• **TRY IT**
Give back all of the records underneath exactly, with no omissions.

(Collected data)
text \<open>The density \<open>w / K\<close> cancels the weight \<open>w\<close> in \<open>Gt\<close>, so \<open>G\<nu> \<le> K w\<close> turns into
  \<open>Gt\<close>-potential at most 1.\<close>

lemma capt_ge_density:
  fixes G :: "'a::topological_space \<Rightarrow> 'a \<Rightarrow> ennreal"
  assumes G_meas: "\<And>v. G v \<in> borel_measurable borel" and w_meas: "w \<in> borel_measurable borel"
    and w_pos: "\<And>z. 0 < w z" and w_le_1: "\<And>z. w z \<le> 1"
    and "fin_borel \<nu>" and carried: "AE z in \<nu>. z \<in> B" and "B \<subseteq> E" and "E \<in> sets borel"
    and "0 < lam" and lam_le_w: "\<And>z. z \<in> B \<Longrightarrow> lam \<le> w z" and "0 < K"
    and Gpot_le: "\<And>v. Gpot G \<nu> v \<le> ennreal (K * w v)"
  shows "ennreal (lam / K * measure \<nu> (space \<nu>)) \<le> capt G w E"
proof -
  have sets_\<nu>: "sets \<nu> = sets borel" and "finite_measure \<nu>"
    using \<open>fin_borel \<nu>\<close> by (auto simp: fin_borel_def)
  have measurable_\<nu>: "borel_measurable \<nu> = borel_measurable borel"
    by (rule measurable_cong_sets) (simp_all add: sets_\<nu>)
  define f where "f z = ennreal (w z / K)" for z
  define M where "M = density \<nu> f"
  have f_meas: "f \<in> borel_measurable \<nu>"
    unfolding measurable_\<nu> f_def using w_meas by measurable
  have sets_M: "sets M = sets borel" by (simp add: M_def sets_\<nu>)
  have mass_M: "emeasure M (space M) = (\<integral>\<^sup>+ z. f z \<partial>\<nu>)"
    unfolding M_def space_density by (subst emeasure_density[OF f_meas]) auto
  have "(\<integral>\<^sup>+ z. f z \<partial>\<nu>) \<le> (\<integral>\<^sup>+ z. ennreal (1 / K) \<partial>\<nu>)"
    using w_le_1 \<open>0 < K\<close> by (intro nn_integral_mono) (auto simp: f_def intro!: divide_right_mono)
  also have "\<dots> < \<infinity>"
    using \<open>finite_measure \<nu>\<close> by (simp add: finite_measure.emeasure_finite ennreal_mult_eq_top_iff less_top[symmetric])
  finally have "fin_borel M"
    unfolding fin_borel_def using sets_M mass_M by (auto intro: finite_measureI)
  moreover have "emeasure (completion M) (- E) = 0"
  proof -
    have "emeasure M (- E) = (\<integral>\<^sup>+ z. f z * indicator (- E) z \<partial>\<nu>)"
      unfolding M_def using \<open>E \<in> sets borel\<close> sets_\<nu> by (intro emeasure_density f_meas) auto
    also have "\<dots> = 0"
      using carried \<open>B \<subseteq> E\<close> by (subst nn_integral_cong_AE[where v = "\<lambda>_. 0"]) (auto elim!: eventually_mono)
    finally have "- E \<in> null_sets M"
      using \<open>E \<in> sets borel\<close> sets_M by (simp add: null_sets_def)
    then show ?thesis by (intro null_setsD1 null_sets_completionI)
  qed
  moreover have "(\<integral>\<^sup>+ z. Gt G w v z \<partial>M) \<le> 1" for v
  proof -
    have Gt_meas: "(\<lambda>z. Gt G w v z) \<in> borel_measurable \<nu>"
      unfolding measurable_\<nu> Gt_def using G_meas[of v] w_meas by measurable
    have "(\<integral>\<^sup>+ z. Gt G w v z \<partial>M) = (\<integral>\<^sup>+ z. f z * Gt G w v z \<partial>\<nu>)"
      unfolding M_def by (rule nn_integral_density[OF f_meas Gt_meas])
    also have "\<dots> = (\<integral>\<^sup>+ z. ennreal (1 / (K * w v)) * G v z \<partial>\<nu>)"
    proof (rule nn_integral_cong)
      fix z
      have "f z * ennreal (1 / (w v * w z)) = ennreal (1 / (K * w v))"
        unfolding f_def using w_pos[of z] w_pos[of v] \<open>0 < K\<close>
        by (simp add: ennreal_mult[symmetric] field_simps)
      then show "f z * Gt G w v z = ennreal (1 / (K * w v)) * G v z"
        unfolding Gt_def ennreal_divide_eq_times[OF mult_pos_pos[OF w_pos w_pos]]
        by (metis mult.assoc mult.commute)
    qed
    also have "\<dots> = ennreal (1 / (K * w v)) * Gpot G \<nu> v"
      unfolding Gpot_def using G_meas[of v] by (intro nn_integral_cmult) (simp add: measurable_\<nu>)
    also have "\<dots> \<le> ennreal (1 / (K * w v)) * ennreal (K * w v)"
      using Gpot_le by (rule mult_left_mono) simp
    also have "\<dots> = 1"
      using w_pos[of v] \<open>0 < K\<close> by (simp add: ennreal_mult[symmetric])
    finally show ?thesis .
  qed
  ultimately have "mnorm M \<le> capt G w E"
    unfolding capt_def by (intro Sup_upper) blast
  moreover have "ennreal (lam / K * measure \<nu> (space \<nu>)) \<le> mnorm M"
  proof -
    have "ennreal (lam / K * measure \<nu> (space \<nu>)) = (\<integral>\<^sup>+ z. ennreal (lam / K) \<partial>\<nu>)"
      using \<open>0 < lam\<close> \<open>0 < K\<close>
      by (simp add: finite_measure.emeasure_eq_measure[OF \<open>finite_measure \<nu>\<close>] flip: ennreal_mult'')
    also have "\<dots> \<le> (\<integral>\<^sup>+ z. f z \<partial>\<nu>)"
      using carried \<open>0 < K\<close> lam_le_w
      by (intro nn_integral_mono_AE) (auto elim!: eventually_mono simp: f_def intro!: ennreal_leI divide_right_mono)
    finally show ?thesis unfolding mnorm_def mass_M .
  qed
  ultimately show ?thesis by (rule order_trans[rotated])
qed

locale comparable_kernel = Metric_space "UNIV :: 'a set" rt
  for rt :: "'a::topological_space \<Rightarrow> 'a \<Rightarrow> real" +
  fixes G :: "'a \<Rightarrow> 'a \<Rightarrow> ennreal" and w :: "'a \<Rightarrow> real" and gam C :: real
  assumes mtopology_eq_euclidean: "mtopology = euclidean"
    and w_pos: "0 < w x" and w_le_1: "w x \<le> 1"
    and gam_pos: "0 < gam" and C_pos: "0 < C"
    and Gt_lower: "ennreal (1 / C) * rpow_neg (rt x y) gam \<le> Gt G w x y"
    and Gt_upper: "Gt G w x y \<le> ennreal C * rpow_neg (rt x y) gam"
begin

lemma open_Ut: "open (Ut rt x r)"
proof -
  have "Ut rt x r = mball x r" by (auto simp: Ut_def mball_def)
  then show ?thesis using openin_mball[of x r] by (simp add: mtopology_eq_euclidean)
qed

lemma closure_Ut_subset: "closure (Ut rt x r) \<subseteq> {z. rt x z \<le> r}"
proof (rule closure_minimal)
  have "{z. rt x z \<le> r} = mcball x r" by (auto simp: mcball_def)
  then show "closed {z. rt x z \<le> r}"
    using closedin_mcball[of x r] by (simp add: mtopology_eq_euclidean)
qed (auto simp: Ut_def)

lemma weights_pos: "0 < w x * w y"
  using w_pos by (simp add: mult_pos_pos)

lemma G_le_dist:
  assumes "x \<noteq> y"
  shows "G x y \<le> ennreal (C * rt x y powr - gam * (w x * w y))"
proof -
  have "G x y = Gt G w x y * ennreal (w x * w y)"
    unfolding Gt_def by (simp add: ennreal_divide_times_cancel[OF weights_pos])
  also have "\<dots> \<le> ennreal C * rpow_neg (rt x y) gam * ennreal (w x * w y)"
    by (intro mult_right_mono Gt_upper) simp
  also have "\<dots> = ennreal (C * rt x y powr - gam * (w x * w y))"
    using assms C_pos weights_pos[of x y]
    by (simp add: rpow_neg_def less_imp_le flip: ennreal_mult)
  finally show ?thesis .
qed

• **THE ANSWER**
text \<open>The density \<open>w / K\<close> cancels the weight \<open>w\<close> in \<open>Gt\<close>, so \<open>G\<nu> \<le> K w\<close> turns into
  \<open>Gt\<close>-potential at most 1.\<close>

lemma capt_ge_density:
  fixes G :: "'a::topological_space \<Rightarrow> 'a \<Rightarrow> ennreal"
  assumes G_meas: "\<And>v. G v \<in> borel_measurable borel" and w_meas: "w \<in> borel_measurable borel"
    and w_pos: "\<And>z. 0 < w z" and w_le_1: "\<And>z. w z \<le> 1"
    and "fin_borel \<nu>" and carried: "AE z in \<nu>. z \<in> B" and "B \<subseteq> E" and "E \<in> sets borel"
    and "0 < lam" and lam_le_w: "\<And>z. z \<in> B \<Longrightarrow> lam \<le> w z" and "0 < K"
    and Gpot_le: "\<And>v. Gpot G \<nu> v \<le> ennreal (K * w v)"
  shows "ennreal (lam / K * measure \<nu> (space \<nu>)) \<le> capt G w E"
proof -
  have sets_\<nu>: "sets \<nu> = sets borel" and "finite_measure \<nu>"
    using \<open>fin_borel \<nu>\<close> by (auto simp: fin_borel_def)
  have measurable_\<nu>: "borel_measurable \<nu> = borel_measurable borel"
    by (rule measurable_cong_sets) (simp_all add: sets_\<nu>)
  define f where "f z = ennreal (w z / K)" for z
  define M where "M = density \<nu> f"
  have f_meas: "f \<in> borel_measurable \<nu>"
    unfolding measurable_\<nu> f_def using w_meas by measurable
  have sets_M: "sets M = sets borel" by (simp add: M_def sets_\<nu>)
  have mass_M: "emeasure M (space M) = (\<integral>\<^sup>+ z. f z \<partial>\<nu>)"
    unfolding M_def space_density by (subst emeasure_density[OF f_meas]) auto
  have "(\<integral>\<^sup>+ z. f z \<partial>\<nu>) \<le> (\<integral>\<^sup>+ z. ennreal (1 / K) \<partial>\<nu>)"
    using w_le_1 \<open>0 < K\<close> by (intro nn_integral_mono) (auto simp: f_def intro!: divide_right_mono)
  also have "\<dots> < \<infinity>"
    using \<open>finite_measure \<nu>\<close> by (simp add: finite_measure.emeasure_finite ennreal_mult_eq_top_iff less_top[symmetric])
  finally have "fin_borel M"
    unfolding fin_borel_def using sets_M mass_M by (auto intro: finite_measureI)
  moreover have "emeasure (completion M) (- E) = 0"
  proof -
    have "emeasure M (- E) = (\<integral>\<^sup>+ z. f z * indicator (- E) z \<partial>\<nu>)"
      unfolding M_def using \<open>E \<in> sets borel\<close> sets_\<nu> by (intro emeasure_density f_meas) auto
    also have "\<dots> = 0"
      using carried \<open>B \<subseteq> E\<close> by (subst nn_integral_cong_AE[where v = "\<lambda>_. 0"]) (auto elim!: eventually_mono)
    finally have "- E \<in> null_sets M"
      using \<open>E \<in> sets borel\<close> sets_M by (simp add: null_sets_def)
    then show ?thesis by (intro null_setsD1 null_sets_completionI)
  qed
  moreover have "(\<integral>\<^sup>+ z. Gt G w v z \<partial>M) \<le> 1" for v
  proof -
    have Gt_meas: "(\<lambda>z. Gt G w v z) \<in> borel_measurable \<nu>"
      unfolding measurable_\<nu> Gt_def using G_meas[of v] w_meas by measurable
    have "(\<integral>\<^sup>+ z. Gt G w v z \<partial>M) = (\<integral>\<^sup>+ z. f z * Gt G w v z \<partial>\<nu>)"
      unfolding M_def by (rule nn_integral_density[OF f_meas Gt_meas])
    also have "\<dots> = (\<integral>\<^sup>+ z. ennreal (1 / (K * w v)) * G v z \<partial>\<nu>)"
    proof (rule nn_integral_cong)
      fix z
      have "f z * ennreal (1 / (w v * w z)) = ennreal (1 / (K * w v))"
        unfolding f_def using w_pos[of z] w_pos[of v] \<open>0 < K\<close>
        by (simp add: ennreal_mult[symmetric] field_simps)
      then show "f z * Gt G w v z = ennreal (1 / (K * w v)) * G v z"
        unfolding Gt_def ennreal_divide_eq_times[OF mult_pos_pos[OF w_pos w_pos]]
        by (metis mult.assoc mult.commute)
    qed
    also have "\<dots> = ennreal (1 / (K * w v)) * Gpot G \<nu> v"
      unfolding Gpot_def using G_meas[of v] by (intro nn_integral_cmult) (simp add: measurable_\<nu>)
    also have "\<dots> \<le> ennreal (1 / (K * w v)) * ennreal (K * w v)"
      using Gpot_le by (rule mult_left_mono) simp
    also have "\<dots> = 1"
      using w_pos[of v] \<open>0 < K\<close> by (simp add: ennreal_mult[symmetric])
    finally show ?thesis .
  qed
  ultimately have "mnorm M \<le> capt G w E"
    unfolding capt_def by (intro Sup_upper) blast
  moreover have "ennreal (lam / K * measure \<nu> (space \<nu>)) \<le> mnorm M"
  proof -
    have "ennreal (lam / K * measure \<nu> (space \<nu>)) = (\<integral>\<^sup>+ z. ennreal (lam / K) \<partial>\<nu>)"
      using \<open>0 < lam\<close> \<open>0 < K\<close>
      by (simp add: finite_measure.emeasure_eq_measure[OF \<open>finite_measure \<nu>\<close>] flip: ennreal_mult'')
    also have "\<dots> \<le> (\<integral>\<^sup>+ z. f z \<partial>\<nu>)"
      using carried \<open>0 < K\<close> lam_le_w
      by (intro nn_integral_mono_AE) (auto elim!: eventually_mono simp: f_def intro!: ennreal_leI divide_right_mono)
    finally show ?thesis unfolding mnorm_def mass_M .
  qed
  ultimately show ?thesis by (rule order_trans[rotated])
qed

locale comparable_kernel = Metric_space "UNIV :: 'a set" rt
  for rt :: "'a::topological_space \<Rightarrow> 'a \<Rightarrow> real" +
  fixes G :: "'a \<Rightarrow> 'a \<Rightarrow> ennreal" and w :: "'a \<Rightarrow> real" and gam C :: real
  assumes mtopology_eq_euclidean: "mtopology = euclidean"
    and w_pos: "0 < w x" and w_le_1: "w x \<le> 1"
    and gam_pos: "0 < gam" and C_pos: "0 < C"
    and Gt_lower: "ennreal (1 / C) * rpow_neg (rt x y) gam \<le> Gt G w x y"
    and Gt_upper: "Gt G w x y \<le> ennreal C * rpow_neg (rt x y) gam"
begin

lemma open_Ut: "open (Ut rt x r)"
proof -
  have "Ut rt x r = mball x r" by (auto simp: Ut_def mball_def)
  then show ?thesis using openin_mball[of x r] by (simp add: mtopology_eq_euclidean)
qed

lemma closure_Ut_subset: "closure (Ut rt x r) \<subseteq> {z. rt x z \<le> r}"
proof (rule closure_minimal)
  have "{z. rt x z \<le> r} = mcball x r" by (auto simp: mcball_def)
  then show "closed {z. rt x z \<le> r}"
    using closedin_mcball[of x r] by (simp add: mtopology_eq_euclidean)
qed (auto simp: Ut_def)

lemma weights_pos: "0 < w x * w y"
  using w_pos by (simp add: mult_pos_pos)

lemma G_le_dist:
  assumes "x \<noteq> y"
  shows "G x y \<le> ennreal (C * rt x y powr - gam * (w x * w y))"
proof -
  have "G x y = Gt G w x y * ennreal (w x * w y)"
    unfolding Gt_def by (simp add: ennreal_divide_times_cancel[OF weights_pos])
  also have "\<dots> \<le> ennreal C * rpow_neg (rt x y) gam * ennreal (w x * w y)"
    by (intro mult_right_mono Gt_upper) simp
  also have "\<dots> = ennreal (C * rt x y powr - gam * (w x * w y))"
    using assms C_pos weights_pos[of x y]
    by (simp add: rpow_neg_def less_imp_le flip: ennreal_mult)
  finally show ?thesis .
qed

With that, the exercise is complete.